RHB Research

Kossan Rubber Industries - Outlook Remains Bright

kiasutrader
Publish date: Fri, 21 Nov 2014, 09:38 AM

We keep our BUY recommendation and  TP  of  MYR5.12 (12.8% upside, 17x  FY15F  P/E).  9M14  earnings  came  in  weaker  than  expected  due to lower contributions from all divisions, but we see  a  bright outlook for FY15  when  its  new  lines  commence  operations.  Kossan  declared  a dividend  of  3.5 sen  in  the quarter under review.

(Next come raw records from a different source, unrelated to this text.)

lemma geom_autocorr_eq: "geom_autocorr r L c = r ^ nat \<bar>c\<bar> * (\<Sum>i<L - nat \<bar>c\<bar>. (r\<^sup>2) ^ i)"
proof (cases "c \<ge> 0")
  case True
  define n where "n = nat c"
  have c: "c = int n" using True by (simp add: n_def)
  have "geom_autocorr r L c = (\<Sum>i<L. if i + n < L then r ^ n * (r\<^sup>2) ^ i else 0)"
    unfolding geom_autocorr_eq_nat c
    by (intro sum.cong refl) (auto simp: geom_trunc_def nat_add_distrib power_add
        power_mult[symmetric] mult_ac simp flip: power_mult_distrib power2_eq_square)
  also have "\<dots> = (\<Sum>i\<in>{i \<in> {..<L}. i + n < L}. r ^ n * (r\<^sup>2) ^ i)"
    by (rule sum.inter_filter[symmetric]) simp
  also have "{i \<in> {..<L}. i + n < L} = {..<L - n}" by auto
  finally show ?thesis by (simp add: c sum_distrib_left)
next
  case False
  define n where "n = nat (- c)"
  have c: "c = - int n" using False by (simp add: n_def)
  have "geom_autocorr r L c = (\<Sum>i<L. if n \<le> i then r ^ n * (r\<^sup>2) ^ (i - n) else 0)"
    unfolding geom_autocorr_eq_nat c
  proof (intro sum.cong refl)
    fix i assume i: "i \<in> {..<L}"
    show "geom_trunc r L (int i + - int n) * r ^ i = (if n \<le> i then r ^ n * (r\<^sup>2) ^ (i - n) else 0)"
    proof (cases "n \<le> i")
      case True
      then have "geom_trunc r L (int i + - int n) = r ^ (i - n)"
        using i by (simp add: geom_trunc_def nat_diff_distrib)
      moreover have "r ^ (i - n) * r ^ i = r ^ n * (r\<^sup>2) ^ (i - n)"
      proof -
        have e: "i = (i - n) + n" using True by simp
        show ?thesis
          by (subst (2) e) (simp add: power_add power_mult[symmetric] power2_eq_square mult_ac
              flip: power_mult_distrib)
      qed
      ultimately show ?thesis using True by simp
    qed (simp add: geom_trunc_def)
  qed
  also have "\<dots> = (\<Sum>i\<in>{i \<in> {..<L}. n \<le> i}. r ^ n * (r\<^sup>2) ^ (i - n))"
    by (rule sum.inter_filter[symmetric]) simp
  also have "{i \<in> {..<L}. n \<le> i} = {0 + n..<(L - n) + n}" by auto
  also have "(\<Sum>i\<in>{0 + n..<(L - n) + n}. r ^ n * (r\<^sup>2) ^ (i - n)) = (\<Sum>i<L - n. r ^ n * (r\<^sup>2) ^ i)"
    by (subst sum.shift_bounds_nat_ivl) (simp add: atLeast0LessThan)
  finally show ?thesis by (simp add: c sum_distrib_left)
qed
lemma eventually_difference_quotient_pairs:
  fixes f g f' g' :: "real \<Rightarrow> real"
  assumes F: "end_filter I F"
    and f: "\<And>x. x \<in> I \<Longrightarrow> (f has_real_derivative f' x) (at x)"
    and g: "\<And>x. x \<in> I \<Longrightarrow> (g has_real_derivative g' x) (at x)"
    and g'_pos: "\<And>x. x \<in> I \<Longrightarrow> 0 < g' x"
    and ev: "eventually (\<lambda>x. P (f' x / g' x)) F"
  shows "eventually (\<lambda>(y, z). P ((f z - f y) / (g z - g y)))
           (inf (F \<times>\<^sub>F F) (principal {(y, z). y < z}))"
proof -
  obtain C where C: "C \<subseteq> I" "is_interval C" "eventually (\<lambda>x. x \<in> C) F" "\<forall>x\<in>C. P (f' x / g' x)"
    using F ev unfolding end_filter_def by blast
  have "P ((f z - f y) / (g z - g y))" if "y \<in> C" "z \<in> C" "y < z" for y z
    using difference_quotient_eq_derivative_quotient[OF C(2), of f f' g g' y z] C(1,4) f g g'_pos that
    by (metis less_irrefl subsetD)
  then have "\<forall>\<^sub>F (y, z) in F \<times>\<^sub>F F. y < z \<longrightarrow> P ((f z - f y) / (g z - g y))"
    unfolding eventually_prod_same using C(3) by blast
  then show ?thesis by (simp add: eventually_inf_principal case_prod_unfold)
qed

lemma eventually_difference_quotient_anchor:
  fixes f g f' g' :: "real \<Rightarrow> real"
  assumes F: "end_filter I F"
    and f: "\<And>x. x \<in> I \<Longrightarrow> (f has_real_derivative f' x) (at x)"
    and g: "\<And>x. x \<in> I \<Longrightarrow> (g has_real_derivative g' x) (at x)"
    and g'_pos: "\<And>x. x \<in> I \<Longrightarrow> 0 < g' x"
    and ev: "eventually (\<lambda>x. P (f' x / g' x)) F"
  obtains w where "eventually (\<lambda>y. P ((f y - f w) / (g y - g w))) F"
proof -
  obtain C where C: "C \<subseteq> I" "is_interval C" "eventually (\<lambda>x. x \<in> C) F" "\<forall>x\<in>C. P (f' x / g' x)"
    using F ev unfolding end_filter_def by blast
  obtain w where w: "w \<in> C" using eventually_happens'[OF _ C(3)] F by (auto simp: end_filter_def)
  have "eventually (\<lambda>y. y \<in> C \<and> y \<noteq> w) F"
    using C(1,3) F w by (auto simp: end_filter_def intro: eventually_conj)
  then have "eventually (\<lambda>y. P ((f y - f w) / (g y - g w))) F"
  proof eventually_elim
    case (elim y)
    then show ?case
      using difference_quotient_eq_derivative_quotient[OF C(2), of f f' g g' w y] C(1,4) f g g'_pos w
      by (metis subsetD)
  qed
  then show ?thesis by (rule that)
qed

text \<open>With \<open>D = g y - B\<close>, \<open>q = (g w - B) / D \<rightarrow> 0\<close> and \<open>r\<close> the quotient anchored at
  \<open>w\<close>: \<open>(f y - A) / D = c + K / D + (r - c) (1 - q)\<close> with a constant \<open>K\<close>.\<close>
lemma eventually_shifted_quotient_gt:
  fixes f g :: "'a \<Rightarrow> real"
  assumes ev: "eventually (\<lambda>y. c \<le> (f y - f w) / (g y - g w)) F"
    and g: "filterlim g at_infinity F" and "m < c"
  shows "eventually (\<lambda>y. m < (f y - A) / (g y - B)) F"
proof -
  define D where "D = (\<lambda>y. g y - B)"
  define K where "K = f w - A - c * (g w - B)"
  have D: "filterlim D at_infinity F"
    using tendsto_add_filterlim_at_infinity[OF tendsto_const[of "- B"] g] by (simp add: D_def)
  have "((\<lambda>y. (g w - B) / D y) \<longlongrightarrow> 0) F" by (rule tendsto_divide_0[OF tendsto_const D])
  then have "eventually (\<lambda>y. (g w - B) / D y < 1) F" by (rule order_tendstoD) simp
  moreover have "((\<lambda>y. K / D y) \<longlongrightarrow> 0) F" by (rule tendsto_divide_0[OF tendsto_const D])
  then have "eventually (\<lambda>y. m - c < K / D y) F" by (rule order_tendstoD) (use \<open>m < c\<close> in simp)
  moreover have "eventually (\<lambda>y. D y \<noteq> 0) F" by (rule filterlim_at_infinity_imp_eventually_ne[OF D])
  ultimately show ?thesis using ev
  proof eventually_elim
    case (elim y)
    define q where "q = (g w - B) / D y"
    define r where "r = (f y - f w) / (g y - g w)"
    have q: "0 < 1 - q" using elim by (simp add: q_def)
    have E: "g y - g w = D y * (1 - q)" using elim by (simp add: q_def D_def field_simps)
    then have "g y - g w \<noteq> 0" using q elim by simp
    then have "r * (1 - q) = (f y - f w) / D y"
      using E elim by (simp add: r_def)
    then have "(f y - A) / D y = r * (1 - q) + (f w - A) / D y"
      by (simp add: add_divide_distrib[symmetric])
    also have "\<dots> \<ge> c * (1 - q) + (f w - A) / D y"
    proof -
      have "c * (1 - q) \<le> r * (1 - q)"
        using elim q by (intro mult_right_mono) (simp_all add: r_def)
      then show ?thesis by simp
    qed
    also have "c * (1 - q) + (f w - A) / D y = c + K / D y"
      using elim by (simp add: q_def K_def field_simps)
    finally show ?case using elim unfolding D_def by linarith
  qed
qed
(* Let $l\ge 2$ and let $\Gamma$ be the $l$-lattice. Then the spectrum of its (signless) normalized Laplacian is given by: $0$, with multiplicity $l^2-2l+1$; $\frac{l}{2}$, with multiplicity $2(l-1)$; and $l$, with multiplicity $1$.
   Context: A hypergraph $\Gamma=(\mathcal{V},\mathcal{H})$ has a finite vertex set $\mathcal{V}$ and a set $\mathcal{H}$ of nonempty subsets of $\mathcal{V}$ (hyperedges). $\deg(v)$ is the number of hyperedges containing $v$, $D$ the diagonal degree matrix, $A$ the matrix with $A_{ii}=0$ and $A_{ij}=-\#\{h\in\mathcal{H}: v_i,v_j\in h\}$ for $i\ne j$, and the (signless) normalized Laplacian is $L=\mathrm{Id}-D^{-1}A$. For $l\in\mathbb{N}_{\ge 2}$, the $l$-lattice is the hypergraph with vertex set $\{v_{ab}: a,b\in\{1,\ldots,l\}\}$ ($l^2$ vertices arranged in an $l\times l$ grid) and $2l$ hyperedges, namely the rows $\{v_{a1},\ldots,v_{al}\}$ for $a=1,\ldots,l$ and the columns $\{v_{1b},\ldots,v_{lb}\}$ for $b=1,\ldots,l$. *)

theory Defs
  imports "Jordan_Normal_Form.Char_Poly"
begin

text \<open>A hypergraph on the vertex set {0..<n} (vertex v_i is the index i) with a
  set H of nonempty hyperedges.\<close>

definition hdeg :: "nat set set \<Rightarrow> nat \<Rightarrow> nat" where
  "hdeg H i = card {h \<in> H. i \<in> h}"

definition hadj :: "nat set set \<Rightarrow> nat \<Rightarrow> nat \<Rightarrow> real" where
  "hadj H i j = (if i = j then 0 else - real (card {h \<in> H. i \<in> h \<and> j \<in> h}))"

definition norm_laplacian :: "nat \<Rightarrow> nat set set \<Rightarrow> real mat" where
  "norm_laplacian n H =
     one_mat n - (mat n n (\<lambda>(i,j). if i = j then 1 / real (hdeg H i) else 0)
                  * mat n n (\<lambda>(i,j). hadj H i j))"

text \<open>The l-lattice: vertex v_ab (a,b in 1..l) is encoded as index (a-1)*l+(b-1).\<close>
definition lattice_edges :: "nat \<Rightarrow> nat set set" where
  "lattice_edges l =
     (\<lambda>a. {a * l + b | b. b < l}) ` {..<l} \<union> (\<lambda>b. {a * l + b | a. a < l}) ` {..<l}"

end

(*
  Every vertex of the l-lattice lies in exactly one row and one column, so D = 2 Id and
  L_ij = ([i, j in the same row] + [i, j in the same column]) / 2.  With the row-major indexing
  of the vertices this is the Kronecker sum J/2 \<oplus> J/2 = J/2 \<otimes> Id + Id \<otimes> J/2, where J is the
  l \<times> l all-ones matrix.  Triangularizing both summands (Schur decomposition) triangularizes the
  Kronecker sum, so its eigenvalues are the pairwise sums of those of the summands.  J/2 has the
  eigenvalue l/2 once and 0 with multiplicity l - 1, and the pairwise sums are l once, l/2 with
  multiplicity 2(l - 1) and 0 with multiplicity (l - 1)^2.
*)
theory Submission
  imports Defs "Jordan_Normal_Form.Schur_Decomposition"
begin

We  remain positive on the company’s future growth prospects.

Slower growth.  Kossan  Rubber Industries’ (Kossan) 9M14 net  profit  of MYR105.8m  (+3.7%  YoY)  came  in  weaker  than  our  and  consensus expectations, at 63% and 65% of the respective full-year forecasts. This was  attributed  to  lower-than-expected  sales  (-2%  YoY)  from  the technical  rubber  division  due  to  lower  exports  of  industrial  and automotive parts, although the  sales of  infrastructure  products together with  marine  and  dock  fenders  remained  strong.  Lower  average  selling prices  (ASPs)  in  the  gloves  division  due  to  lower  raw  material  pricesoffset higher  sales volume (+5.5% YoY for 3Q14).  As for  its clean-room division,  higher  operating  expenses  incurred  from  the  expansion  of  its clean-room  facilities  in  China  coupled  with  higher  staff  costs  led  to  a decline in earnings contribution. 

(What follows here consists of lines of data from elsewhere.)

(* Let $f\ge0$ be integrable on $[-\pi,\pi]$ with $\int_{-\pi}^{\pi} f>0$, and suppose the sequence $\{\sigma_n^2(f)\}_{n\in\mathbb{N}}$ is weakly varying, i.e. $\lim_{n\to\infty}\sigma_{n+1}^2(f)/\sigma_n^2(f)=1$. Let $g$ be a function of the form $$g(\lambda)=h(\lambda)\,|\lambda-\lambda_1|^{\alpha(1)}\cdots|\lambda-\lambda_r|^{\alpha(r)},$$ where $r\in\mathbb{N}$, $\lambda_1,\dots,\lambda_r\in[-\pi,\pi]$, $\alpha(1),\dots,\alpha(r)\ge0$, and $h$ is a measurable function on $[-\pi,\pi]$ which is bounded, continuous at $\lambda=0$, and has a positive lower bound. Then $$\lim_{n\to\infty}\frac{\sigma_n^2(fg)}{\sigma_n^2(f)}=g(0).$$ Moreover, if $g(0)>0$, then $$\lim_{n\to\infty}\frac{\sigma_n^2(fg)}{\mathrm{Var}_{fg}(\widehat m_f)}=1,\qquad\text{where }\ \mathrm{Var}_{fg}(\widehat m_f):=\int_{-\pi}^{\pi}|p_n(e^{i\lambda})|^2f(\lambda)g(\lambda)\,d\lambda .$$
   Context: For a nonnegative integrable weight $w$ on $[-\pi,\pi]$ with $\int w>0$, $\sigma_n^2(w)=\min_{q\in\mathcal{Q}_n(1)}\int_{-\pi}^{\pi}|q(e^{i\lambda})|^2w(\lambda)\,d\lambda$, where $\mathcal{Q}_n(1)$ is the set of complex polynomials of degree at most $n$ with $q(1)=1$; this is the variance of the BLUE of the mean $m$ of $X(t)=m+Y(t)$ based on $X(0),\dots,X(n)$ when $Y$ has spectral density $w$. The minimizer $p_n=p_n(\cdot,f)\in\mathcal{Q}_n(1)$ for the weight $f$ is unique (the optimal polynomial); its coefficients are those of the BLUE $\widehat m_f$ computed under spectral density $f$, and $\mathrm{Var}_{fg}(\widehat m_f)$ is the variance of this estimator when the true spectral density is $fg$. *)

theory Defs
  imports "HOL-Analysis.Analysis" "HOL-Computational_Algebra.Polynomial"
begin

definition qform :: "complex poly \<Rightarrow> (real \<Rightarrow> real) \<Rightarrow> real" where
  "qform q w = (LINT t:{-pi..pi}|lborel. (cmod (poly q (cis t)))^2 * w t)"
theorem proposition1:
  fixes prior :: "real measure measure" and m :: nat and n :: "nat \<Rightarrow> nat" and i :: nat
  assumes "prob_space prior"
    and "sets prior = sets (prob_algebra borel)"
    and "m \<ge> 2" and "i < m"
    and "n i \<ge> 1"
    and "(\<Sum>j\<in>{..<m} - {i}. n j) - 1 \<ge> 1"
  shows "0 \<le> expected_loss prior m n i
      \<and> expected_loss prior m n i
          \<le> (1/4) * (1 / real (n i) + 1 / (real (\<Sum>j\<in>{..<m} - {i}. n j) - 1))
      \<and> ((AE D in prior. \<forall>x. measure D {x} = 0) \<longrightarrow>
           1 / (6 * (real (\<Sum>j\<in>{..<m} - {i}. n j) - 1)) \<le> expected_loss prior m n i
           \<and> expected_loss prior m n i
               \<le> (1/6) * (1 / real (n i) + 1 / (real (\<Sum>j\<in>{..<m} - {i}. n j) - 1)))"
proof -
  interpret truthful_mechanism prior m n i
    using assms(1,2,4-6) by (rule truthful_mechanism.intro)
  let ?z = "real (\<Sum>j\<in>{..<m} - {i}. n j) - 1"
  have k: "1 / real (n i) + 1 / ?z = 1 / card Own + 1 / (real (card R) - 1)"
    by (simp add: card_Own card_R)
  have "0 \<le> expected_loss prior m n i"
    by (simp add: expected_loss_def loss_def[abs_def])
  moreover have "expected_loss prior m n i \<le> 1/4 * (1 / real (n i) + 1 / ?z)"
    unfolding k by (rule expected_loss_le[OF AE_cdf_var_le_quarter])
  moreover have "1 / (6 * ?z) \<le> expected_loss prior m n i
      \<and> expected_loss prior m n i \<le> 1/6 * (1 / real (n i) + 1 / ?z)"
    if "AE D in prior. \<forall>x. measure D {x} = 0"
  proof -
    have "AE D in prior. 1/6 \<le> cdf_var D" "AE D in prior. cdf_var D \<le> 1/6"
      using AE_cdf_var_atomless[OF that] by (auto elim: AE_mp intro: AE_I2)
    from expected_loss_ge[OF this(1)] expected_loss_le[OF this(2)] show ?thesis
      unfolding k by (simp add: card_R)
  qed
  ultimately show ?thesis
    by blast
qed

end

Outlook.  We  learnt  that  Kossan  is  currently  ramping  up its  production volume – Plant 1 is currently running at full capacity, while Plants 2 and 3 are expected to commence commercial production in Nov 2014 and Jan 2015  respectively.  Coupled  with  its  cost-control  measures  to  improve production  efficiency,  we  remain  positive  on  the  company’s  future earnings prospects. The technical rubber products division is expected to pick  up  when  supply  to  the  mass  rapid  transit  (MRT)  projects  starts,while  the  clean-room  division  is  set  to  improve  since  the  expansion investment has been completed.

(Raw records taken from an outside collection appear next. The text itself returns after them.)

(* A slice function $f\in\mathcal{S}(\Omega)$ admits a multiplicative inverse $f^{-\bullet}$ in the algebra $\mathcal{S}(\Omega)$ (with respect to the slice product) if, and only if, $f^c$ does. If this is the case, then $(f^c)^{-\bullet}=(f^{-\bullet})^c$. Furthermore, $f$ admits a multiplicative inverse $f^{-\bullet}$ if, and only if, both $N(f)$ and $N(f^c)$ do. If this is the case, then \[f^{-\bullet}=f^c\cdot N(f)^{-\bullet}=N(f^c)^{-\bullet}\cdot f^c.\] Moreover, $N(f)^{-\bullet}=(f^{-\bullet})^c\cdot f^{-\bullet}=N((f^{-\bullet})^c)$.
   Context: Let $A$ be a finite-dimensional real algebra with unit $1$ ($\mathbb{R}$ identified with $\mathbb{R}1$) which is alternative (the associator $(x,y,z)=(xy)z-x(yz)$ is alternating), with a $^*$-involution $x\mapsto x^c$ (real linear, $(x^c)^c=x$, $(xy)^c=y^cx^c$, $r^c=r$ for $r\in\mathbb{R}$). Let $t(x)=x+x^c$, $n(x)=xx^c$, $\mathbb{S}_A=\{J\in A:t(J)=0,n(J)=1\}$ (assumed non-empty), $Q_A=\mathbb{R}\cup\{x\in A:t(x),n(x)\in\mathbb{R},\ 4n(x)>t(x)^2\}$; every $x\in Q_A$ is $\alpha+\beta J$ with $\alpha,\beta\in\mathbb{R}$, $J\in\mathbb{S}_A$. Let $D\subseteq\mathbb{C}$ be non-empty and invariant under complex conjugation and $\Omega=\{\alpha+\beta J:\alpha+i\beta\in D,\ J\in\mathbb{S}_A\}$. Let $A_{\mathbb{C}}=\{a+\imath b:a,b\in A\}$ with product $(a+\imath b)(a'+\imath b')=aa'-bb'+\imath(ab'+ba')$, conjugation $\overline{a+\imath b}=a-\imath b$ and involution $(a+\imath b)^c=a^c+\imath b^c$. A stem function is $F=F_1+\imath F_2:D\to A_{\mathbb{C}}$ with $F(\bar z)=\overline{F(z)}$; it induces the slice function $f=\mathcal{I}(F):\Omega\to A$, $f(\alpha+\beta J)=F_1(\alpha+i\beta)+JF_2(\alpha+i\beta)$ (each slice function is induced by a unique stem function). $\mathcal{S}(\Omega)$ is the set of slice functions on $\Omega$, with pointwise sum, slice product $f\cdot g=\mathcal{I}(FG)$ (pointwise product of the stem functions in $A_{\mathbb{C}}$), conjugate $f^c=\mathcal{I}(F^c)$ where $F^c(z)=F(z)^c$, and normal function $N(f)=f\cdot f^c$; with these operations $\mathcal{S}(\Omega)$ is a real alternative $^*$-algebra with unit the constant $1$. $h^{-\bullet}$ denotes the two-sided multiplicative inverse of $h$ in $\mathcal{S}(\Omega)$. *)

theory Defs
  imports Complex_Main
begin

text \<open>The product is NOT assumed associative; alternativity is expressed by the left and
  right alternative laws (equivalent to the associator being alternating).\<close>

class alt_star_algebra = real_vector + one + times +
  fixes invol :: "'a \<Rightarrow> 'a"
  assumes distrib_right: "(a + b) * c = a * c + b * c"
    and distrib_left: "a * (b + c) = a * b + a * c"
    and scaleR_mult_left: "(r *\<^sub>R a) * b = r *\<^sub>R (a * b)"
    and scaleR_mult_right: "a * (r *\<^sub>R b) = r *\<^sub>R (a * b)"
    and one_mult: "1 * a = a"
    and mult_one: "a * 1 = a"
    and one_neq_zero: "(1::'a) \<noteq> 0"
    and left_alternative: "(a * a) * b = a * (a * b)"
    and right_alternative: "(b * a) * a = b * (a * a)"
    and invol_add: "invol (a + b) = invol a + invol b"
    and invol_scaleR: "invol (r *\<^sub>R a) = r *\<^sub>R invol a"
    and invol_invol: "invol (invol a) = a"
    and invol_mult: "invol (a * b) = invol b * invol a"
    and invol_one: "invol 1 = 1"
    and finite_dim: "\<exists>B. finite B \<and> (\<forall>x. \<exists>c. x = (\<Sum>b\<in>B. c b *\<^sub>R b))"

definition trace_A :: "'a::alt_star_algebra \<Rightarrow> 'a" where
  "trace_A x = x + invol x"
definition norm_A :: "'a::alt_star_algebra \<Rightarrow> 'a" where
  "norm_A x = x * invol x"
definition sphere_A :: "'a::alt_star_algebra set" where
  "sphere_A = {J. trace_A J = 0 \<and> norm_A J = 1}"

definition circ :: "complex set \<Rightarrow> 'a::alt_star_algebra set" where
  "circ D = {Re z *\<^sub>R 1 + Im z *\<^sub>R J | z J. z \<in> D \<and> J \<in> sphere_A}"

text \<open>A_C is represented by pairs (a,b) standing for a + i b.\<close>
definition cmult :: "('a::alt_star_algebra \<times> 'a) \<Rightarrow> ('a \<times> 'a) \<Rightarrow> ('a \<times> 'a)" where
  "cmult p q = (fst p * fst q - snd p * snd q, fst p * snd q + snd p * fst q)"
definition cconj :: "('a::alt_star_algebra \<times> 'a) \<Rightarrow> ('a \<times> 'a)" where
  "cconj p = (fst p, - snd p)"
definition cinvol :: "('a::alt_star_algebra \<times> 'a) \<Rightarrow> ('a \<times> 'a)" where
  "cinvol p = (invol (fst p), invol (snd p))"

text \<open>Stem functions on D (extended by 0 outside D, so they are determined by their values on D).\<close>
definition is_stem :: "complex set \<Rightarrow> (complex \<Rightarrow> 'a::alt_star_algebra \<times> 'a) \<Rightarrow> bool" where
  "is_stem D F \<longleftrightarrow> (\<forall>z\<in>D. F (cnj z) = cconj (F z)) \<and> (\<forall>z. z \<notin> D \<longrightarrow> F z = (0, 0))"

text \<open>f is induced by F: f(\<alpha>+\<beta>J) = F1(\<alpha>+i\<beta>) + J F2(\<alpha>+i\<beta>) on \<Omega>_D,
  and f is 0 outside \<Omega>_D (functions on \<Omega>_D are represented extensionally).\<close>
definition induces :: "complex set \<Rightarrow> (complex \<Rightarrow> 'a::alt_star_algebra \<times> 'a) \<Rightarrow> ('a \<Rightarrow> 'a) \<Rightarrow> bool" where
  "induces D F f \<longleftrightarrow>
     (\<forall>z J. z \<in> D \<longrightarrow> J \<in> sphere_A \<longrightarrow>
        f (Re z *\<^sub>R 1 + Im z *\<^sub>R J) = fst (F z) + J * snd (F z))
     \<and> (\<forall>x. x \<notin> circ D \<longrightarrow> f x = 0)"

definition slice_fun :: "complex set \<Rightarrow> ('a::alt_star_algebra \<Rightarrow> 'a) \<Rightarrow> bool" where
  "slice_fun D f \<longleftrightarrow> (\<exists>F. is_stem D F \<and> induces D F f)"

definition stem_of :: "complex set \<Rightarrow> ('a::alt_star_algebra \<Rightarrow> 'a) \<Rightarrow> complex \<Rightarrow> 'a \<times> 'a" where
  "stem_of D f = (THE F. is_stem D F \<and> induces D F f)"

definition induced :: "complex set \<Rightarrow> (complex \<Rightarrow> 'a::alt_star_algebra \<times> 'a) \<Rightarrow> 'a \<Rightarrow> 'a" where
  "induced D F = (THE f. induces D F f)"

definition slice_mult :: "complex set \<Rightarrow> ('a::alt_star_algebra \<Rightarrow> 'a) \<Rightarrow> ('a \<Rightarrow> 'a) \<Rightarrow> 'a \<Rightarrow> 'a" where
  "slice_mult D f g = induced D (\<lambda>z. cmult (stem_of D f z) (stem_of D g z))"

definition slice_cnj :: "complex set \<Rightarrow> ('a::alt_star_algebra \<Rightarrow> 'a) \<Rightarrow> 'a \<Rightarrow> 'a" where
  "slice_cnj D f = induced D (\<lambda>z. cinvol (stem_of D f z))"

definition slice_N :: "complex set \<Rightarrow> ('a::alt_star_algebra \<Rightarrow> 'a) \<Rightarrow> 'a \<Rightarrow> 'a" where
  "slice_N D f = slice_mult D f (slice_cnj D f)"

definition slice_one :: "complex set \<Rightarrow> 'a::alt_star_algebra \<Rightarrow> 'a" where
  "slice_one D = (\<lambda>x. if x \<in> circ D then 1 else 0)"

definition slice_invertible :: "complex set \<Rightarrow> ('a::alt_star_algebra \<Rightarrow> 'a) \<Rightarrow> bool" where
  "slice_invertible D f \<longleftrightarrow>
     (\<exists>g. slice_fun D g \<and> slice_mult D f g = slice_one D \<and> slice_mult D g f = slice_one D)"

definition slice_inv :: "complex set \<Rightarrow> ('a::alt_star_algebra \<Rightarrow> 'a) \<Rightarrow> 'a \<Rightarrow> 'a" where
  "slice_inv D f = (THE g. slice_fun D g \<and> slice_mult D f g = slice_one D \<and> slice_mult D g f = slice_one D)"

end

theory Submission
  imports Defs "HOL-Library.Product_Plus"
begin

text \<open>Slice product and conjugation act on stems pointwise, by the product and the involution
  of the complexification \<open>A\<^sub>C\<close>, and a slice function is invertible exactly when its stem
  is invertible at every point of \<open>D\<close>. Everything therefore reduces to facts about inverses
  in the alternative \<open>*\<close>-algebra \<open>A\<^sub>C\<close>: \<open>u\<close> is invertible iff \<open>u\<^sup>c\<close> is, iff both
  \<open>u u\<^sup>c\<close> and \<open>u\<^sup>c u\<close> are, and then \<open>u\<^sup>-\<^sup>1 = u\<^sup>c (u u\<^sup>c)\<^sup>-\<^sup>1 = (u\<^sup>c u)\<^sup>-\<^sup>1 u\<^sup>c\<close>.
  Without associativity these follow from the identity \<open>(x,y,yz) = (x,y,z)y\<close>, a sum of two
  instances of Teichmueller's identity, which forces the associator to vanish whenever two of
  its arguments are mutually inverse.\<close>

locale alternative_ring =
  fixes mult :: "'b::ab_group_add \<Rightarrow> 'b \<Rightarrow> 'b" (infixl "\<odot>" 70) and e :: 'b
  assumes distrib_left: "a \<odot> (b + c) = a \<odot> b + a \<odot> c"
    and distrib_right: "(a + b) \<odot> c = a \<odot> c + b \<odot> c"
    and unit_left: "e \<odot> a = a"
    and unit_right: "a \<odot> e = a"
    and left_alternative: "(a \<odot> a) \<odot> b = a \<odot> (a \<odot> b)"
    and right_alternative: "(b \<odot> a) \<odot> a = b \<odot> (a \<odot> a)"
    and no_2_torsion: "a + a = 0 \<Longrightarrow> a = 0"
begin

lemma mult_zero_right [simp]: "a \<odot> 0 = 0"
  using distrib_left[of a 0 0] by simp

lemma mult_zero_left [simp]: "0 \<odot> a = 0"
  using distrib_right[of 0 0 a] by simp

lemma mult_minus_left: "(- a) \<odot> b = - (a \<odot> b)"
  using distrib_right[of a "- a" b] by (simp add: eq_neg_iff_add_eq_0 add.commute)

Maintain  BUY.  We  trim  our  FY14  earnings  forecast  by  6%  as  full contribution from  its new plants has yet to come in, and keep our FY15 forecast unchanged. Maintain BUY with  an  unchanged TP  of  MYR5.12, based on a 17x FY15F P/E, at a  discount to Hartalega Holdings’ (HART MK, BUY, TP: MYR7.50) 21x. However, we think this is justifiable noting that Hartalega fetches a better net profit margin of  20% vs Kossan’s 11-12%,  given  the  former’s  superior  operating  efficiency  and  greater emphasis on nitrile glove production.